— Taisez-vous, espèce de folle ! Vous allez réveiller tout le château.

Sauvagement, Ivy mordit les doigts appliqués sur ses lèvres, se dégagea d'un brusque coup de reins et grinça :

— Bien sûr, je veux réveiller tout le monde ! Lord Moira va venir, il m'écoutera ! On vous enfermera jusqu'au jugement.

— Mes serviteurs me défendront !

— Pas contre la justice du prince ! Ils sont tous de fidèles Anglais et vous ne serez plus pour eux qu'une étrangère, une sale petite Française, une papiste qui a tué son mari ! C'est moi qu'ils croiront.

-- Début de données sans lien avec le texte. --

lemma unit_vector_far_from_rays:
  fixes C S :: "'a::real_normed_vector set"
  assumes fin: "finite C" and "C \<noteq> {}" and "independent S" and "card C \<le> card S"
  obtains u where "norm u = 1" "\<And>c t. c \<in> C \<Longrightarrow> 0 \<le> t \<Longrightarrow> 1 \<le> norm (u - t *\<^sub>R c)"
proof (cases "independent C")
  case True
  show thesis by (rule unit_vector_far_from_independent_rays[OF fin True \<open>C \<noteq> {}\<close> that])
next
  case False
  obtain B where "B \<subseteq> C" "independent B" "C \<subseteq> span B"
    using maximal_independent_subset by blast
  then have "B \<subset> C" using False by auto
  then have "finite B" "card B < card S"
    using fin psubset_card_mono[OF fin \<open>B \<subset> C\<close>] \<open>card C \<le> card S\<close>
    by (auto intro: finite_subset)
  then obtain u where "norm u = 1" and far: "\<And>k. k \<in> span B \<Longrightarrow> 1 \<le> norm (u - k)"
    using unit_vector_far_from_span \<open>independent B\<close> \<open>independent S\<close> by blast
  show thesis
  proof (rule that)
    show "norm u = 1" by fact
    fix c and t :: real assume "c \<in> C"
    then have "t *\<^sub>R c \<in> span B" using \<open>C \<subseteq> span B\<close> by (simp add: span_scale subsetD)
    then show "1 \<le> norm (u - t *\<^sub>R c)" by (rule far)
  qed
qed

lemma strictly_convex_norm_dist_gt_1:
  fixes u c :: "'a::real_normed_vector"
  assumes "strictly_convex_norm TYPE('a)" and "norm u = 1" and "c \<noteq> 0"
    and "1 \<le> norm (u - c)" and half: "1 \<le> norm (u - (1/2) *\<^sub>R c)"
  shows "1 < norm (u - c)"
proof (rule ccontr)
  assume "\<not> 1 < norm (u - c)"
  then have "norm (u - c) = 1" using \<open>1 \<le> norm (u - c)\<close> by simp
  moreover have strict: "\<And>x y :: 'a. \<And>t. x \<noteq> y \<Longrightarrow> norm x = 1 \<Longrightarrow> norm y = 1 \<Longrightarrow> 0 < t \<Longrightarrow> t < 1
      \<Longrightarrow> norm (t *\<^sub>R x + (1 - t) *\<^sub>R y) < 1"
    using assms(1) unfolding strictly_convex_norm_def by blast
  ultimately have "norm ((1/2::real) *\<^sub>R u + (1 - 1/2) *\<^sub>R (u - c)) < 1"
    using \<open>norm u = 1\<close> \<open>c \<noteq> 0\<close> by (intro strict) auto
  also have "(1/2::real) *\<^sub>R u + (1 - 1/2) *\<^sub>R (u - c) = u - (1/2) *\<^sub>R c"
    by (simp add: algebra_simps scaleR_add_left[symmetric])
  finally show False using half by simp
qed

lemma unit_vector_far_from_points:
  fixes C S :: "'a::real_normed_vector set"
  assumes "strictly_convex_norm TYPE('a)" and "finite C" and "0 \<notin> C" and "C \<noteq> {}"
    and "independent S" and "card C \<le> card S"
  obtains u where "norm u = 1" "\<And>c. c \<in> C \<Longrightarrow> 1 < norm (u - c)"
proof -
  obtain u where u: "norm u = 1" and far: "\<And>c t. c \<in> C \<Longrightarrow> 0 \<le> t \<Longrightarrow> 1 \<le> norm (u - t *\<^sub>R c)"
    using unit_vector_far_from_rays[OF assms(2,4-6)] by blast
  have "1 < norm (u - c)" if "c \<in> C" for c
  proof (rule strictly_convex_norm_dist_gt_1[OF assms(1) u])
    show "c \<noteq> 0" using that \<open>0 \<notin> C\<close> by auto
    show "1 \<le> norm (u - c)" using far[OF that, of 1] by simp
    show "1 \<le> norm (u - (1/2) *\<^sub>R c)" using far[OF that, of "1/2"] by simp
  qed
  then show thesis using that u by blast
qed

lemma ball_not_covered_by_unit_balls:
  fixes C S :: "'a::real_normed_vector set"
  assumes "strictly_convex_norm TYPE('a)" and "finite C" and "0 \<notin> C" and "C \<noteq> {}"
    and "independent S" and "card C \<le> card S"
  shows "\<not> ball 0 1 \<subseteq> (\<Union>c\<in>C. cball c 1)"
proof
  assume "ball 0 1 \<subseteq> (\<Union>c\<in>C. cball c 1)"
  moreover have "closed (\<Union>c\<in>C. cball c 1)" using \<open>finite C\<close> by (simp add: closed_UN)
  ultimately have cover: "cball 0 1 \<subseteq> (\<Union>c\<in>C. cball c 1)"
    by (metis closure_minimal closure_ball zero_less_one)
  obtain u where "norm u = 1" and far: "\<And>c. c \<in> C \<Longrightarrow> 1 < norm (u - c)"
    using unit_vector_far_from_points[OF assms] by blast
  then have "u \<in> cball 0 1" by simp
  then obtain c where "c \<in> C" "u \<in> cball c 1" using cover by blast
  then show False using far[of c] by (simp add: dist_norm norm_minus_commute)
qed

lemma isometry_image_ball:
  fixes f :: "'a::real_normed_vector \<Rightarrow> 'a"
  assumes "surj f" and iso: "\<And>x y. norm (f x - f y) = norm (x - y)"
  shows "f ` ball x r = ball (f x) r"
proof
  show "f ` ball x r \<subseteq> ball (f x) r"
    using iso by (auto simp: dist_norm)
  show "ball (f x) r \<subseteq> f ` ball x r"
  proof
    fix z assume "z \<in> ball (f x) r"
    moreover obtain y where "z = f y" using \<open>surj f\<close> by (metis surjD)
    ultimately show "z \<in> f ` ball x r" using iso by (auto simp: dist_norm)
  qed
qed

lemma isometry_image_interior:
  fixes f :: "'a::real_normed_vector \<Rightarrow> 'a"
  assumes "surj f" and "\<And>x y. norm (f x - f y) = norm (x - y)" and "x \<in> interior A"
  shows "f x \<in> interior (f ` A)"
proof -
  obtain r where "r > 0" "ball x r \<subseteq> A" using \<open>x \<in> interior A\<close> mem_interior by blast
  then have "ball (f x) r \<subseteq> f ` A" using isometry_image_ball[OF assms(1,2)] by blast
  then show ?thesis using \<open>r > 0\<close> mem_interior by blast
qed

lemma isometry_image_in_unit_ball_off_origin:
  fixes f :: "'a::real_normed_vector \<Rightarrow> 'a"
  assumes iso: "\<And>x y. norm (f x - f y) = norm (x - y)"
    and "q \<noteq> 0" and "A \<subseteq> cball 0 1" and "A \<subseteq> cball q 1"
  obtains c where "c \<noteq> 0" "f ` A \<subseteq> cball c 1"
proof -
  have "f ` A \<subseteq> cball (f p) 1" if "A \<subseteq> cball p 1" for p
    using that iso by (auto simp: dist_norm)
  moreover have "f 0 \<noteq> 0 \<or> f q \<noteq> 0"
    using iso[of q 0] \<open>q \<noteq> 0\<close> by auto
  ultimately show thesis using that \<open>A \<subseteq> cball 0 1\<close> \<open>A \<subseteq> cball q 1\<close> by blast
qed

lemma isometry_moving_interior_origin:
  fixes g :: "'a::real_normed_vector \<Rightarrow> 'a"
  assumes "surj g" and iso: "\<And>x y. norm (g x - g y) = norm (x - y)"
    and "g ` A \<subseteq> cball 0 1" and "0 \<in> interior A" and "0 \<notin> interior (g ` A)"
  obtains q where "q \<noteq> 0" "A \<subseteq> cball q 1"
proof -
  obtain q where "g q = 0" using \<open>surj g\<close> by (metis surjD)
  have "g 0 \<noteq> 0"
    using isometry_image_interior[OF \<open>surj g\<close> iso \<open>0 \<in> interior A\<close>] \<open>0 \<notin> interior (g ` A)\<close>
    by auto
  then have "q \<noteq> 0" using \<open>g q = 0\<close> by auto
  moreover have "A \<subseteq> cball q 1"
  proof
    fix x assume "x \<in> A"
    then have "norm (g x) \<le> 1" using \<open>g ` A \<subseteq> cball 0 1\<close> by auto
    then show "x \<in> cball q 1" using iso[of q x] \<open>g q = 0\<close> by (simp add: dist_norm)
  qed
  ultimately show thesis by (rule that)
qed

L'esprit de Marianne travaillait vite. Elle voulait se rassurer, mais peu à peu la peur se glissait en elle, lui chuchotant qu'Ivy allait avoir raison. C'était vrai ; pour tous ses serviteurs, hormis peut-être pour la vieille Jenkins et pour Dobs, elle ne serait plus que la meurtrière de son époux, tant était grand à Selton le respect des traditions. On ne se souviendrait plus que de son sang français, de son appartenance au catholicisme... Elle était perdue si Ivy appelait. Et celle-ci allait crier... elle criait déjà... !

Affolée, Marianne s'empara du premier objet qui lui tomba sous la main, un long pistolet de duel traînant sur un meuble. Elle le saisit par le canon, frappa de la crosse. Atteinte à la tempe, Ivy St Albans s'effondra sans un soupir. Mais, cette fois, sa rivale ne s'attarda pas à contempler la silhouette étendue dans ses mousselines virginales auprès de la forme immobile de Francis, ni même à s'assurer qu'elle vivait encore. Il fallait fuir... fuir au plus vite ! Déjà, il lui semblait entendre, dans les lointains de la maison, s'éveiller une rumeur... On allait venir, on allait la trouver auprès de deux corps inertes, on venait peut-être déjà... La jeune fille, épouvantée, crut voir l'ombre du gibet s'étendre au-dessus d'elle.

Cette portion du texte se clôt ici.